▸ Supplied records:
instance gf4 :: finite
  by standard (simp add: gf4_UNIV)

lemma sum_UNIV_gf4: "(\<Sum>b\<in>UNIV. f b) = f G0 + f G1 + f Gw + f Gw2"
  by (simp add: gf4_UNIV add.assoc)

lemma gf4_add_G0_right [simp]: "gf4_add a G0 = a"
  by (cases a) auto

lemma gf4_add_self [simp]: "gf4_add a a = G0"
  by (cases a) auto

lemma gf4_mul_G0_right [simp]: "gf4_mul a G0 = G0"
  by (cases a) auto

lemma gf4_mul_G1_left [simp]: "gf4_mul G1 a = a"
  by (cases a) auto

lemma gf4_mul_G1_right [simp]: "gf4_mul a G1 = a"
  by (cases a) auto

lemma gf4_add_assoc: "gf4_add (gf4_add a b) c = gf4_add a (gf4_add b c)"
  by (cases a; cases b; cases c) auto

lemma gf4_add_add_swap: "gf4_add (gf4_add a b) (gf4_add c d) = gf4_add (gf4_add a c) (gf4_add b d)"
  by (cases a; cases b; cases c; cases d) auto

lemma gf4_mul_assoc: "gf4_mul (gf4_mul a b) c = gf4_mul a (gf4_mul b c)"
  by (cases a; cases b; cases c) auto

lemma gf4_mul_add_distrib_left: "gf4_mul a (gf4_add b c) = gf4_add (gf4_mul a b) (gf4_mul a c)"
  by (cases a; cases b; cases c) auto

lemma gf4_mul_add_distrib_right: "gf4_mul (gf4_add a b) c = gf4_add (gf4_mul a c) (gf4_mul b c)"
  by (cases a; cases b; cases c) auto

lemma gf4_mul_eq_G0_iff [simp]: "gf4_mul a b = G0 \<longleftrightarrow> a = G0 \<or> b = G0"
  by (cases a; cases b) auto

lemma gf4_cube_nonzero: "a \<noteq> G0 \<Longrightarrow> gf4_mul a (gf4_mul a a) = G1"
  by (cases a) auto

▸ What to work on:
Give every line of the material again, exactly as it reads.

▸ Answer to this exercise:
instance gf4 :: finite
  by standard (simp add: gf4_UNIV)

lemma sum_UNIV_gf4: "(\<Sum>b\<in>UNIV. f b) = f G0 + f G1 + f Gw + f Gw2"
  by (simp add: gf4_UNIV add.assoc)

lemma gf4_add_G0_right [simp]: "gf4_add a G0 = a"
  by (cases a) auto

lemma gf4_add_self [simp]: "gf4_add a a = G0"
  by (cases a) auto

lemma gf4_mul_G0_right [simp]: "gf4_mul a G0 = G0"
  by (cases a) auto

lemma gf4_mul_G1_left [simp]: "gf4_mul G1 a = a"
  by (cases a) auto

lemma gf4_mul_G1_right [simp]: "gf4_mul a G1 = a"
  by (cases a) auto

lemma gf4_add_assoc: "gf4_add (gf4_add a b) c = gf4_add a (gf4_add b c)"
  by (cases a; cases b; cases c) auto

lemma gf4_add_add_swap: "gf4_add (gf4_add a b) (gf4_add c d) = gf4_add (gf4_add a c) (gf4_add b d)"
  by (cases a; cases b; cases c; cases d) auto

lemma gf4_mul_assoc: "gf4_mul (gf4_mul a b) c = gf4_mul a (gf4_mul b c)"
  by (cases a; cases b; cases c) auto

lemma gf4_mul_add_distrib_left: "gf4_mul a (gf4_add b c) = gf4_add (gf4_mul a b) (gf4_mul a c)"
  by (cases a; cases b; cases c) auto

lemma gf4_mul_add_distrib_right: "gf4_mul (gf4_add a b) c = gf4_add (gf4_mul a c) (gf4_mul b c)"
  by (cases a; cases b; cases c) auto

lemma gf4_mul_eq_G0_iff [simp]: "gf4_mul a b = G0 \<longleftrightarrow> a = G0 \<or> b = G0"
  by (cases a; cases b) auto

lemma gf4_cube_nonzero: "a \<noteq> G0 \<Longrightarrow> gf4_mul a (gf4_mul a a) = G1"
  by (cases a) auto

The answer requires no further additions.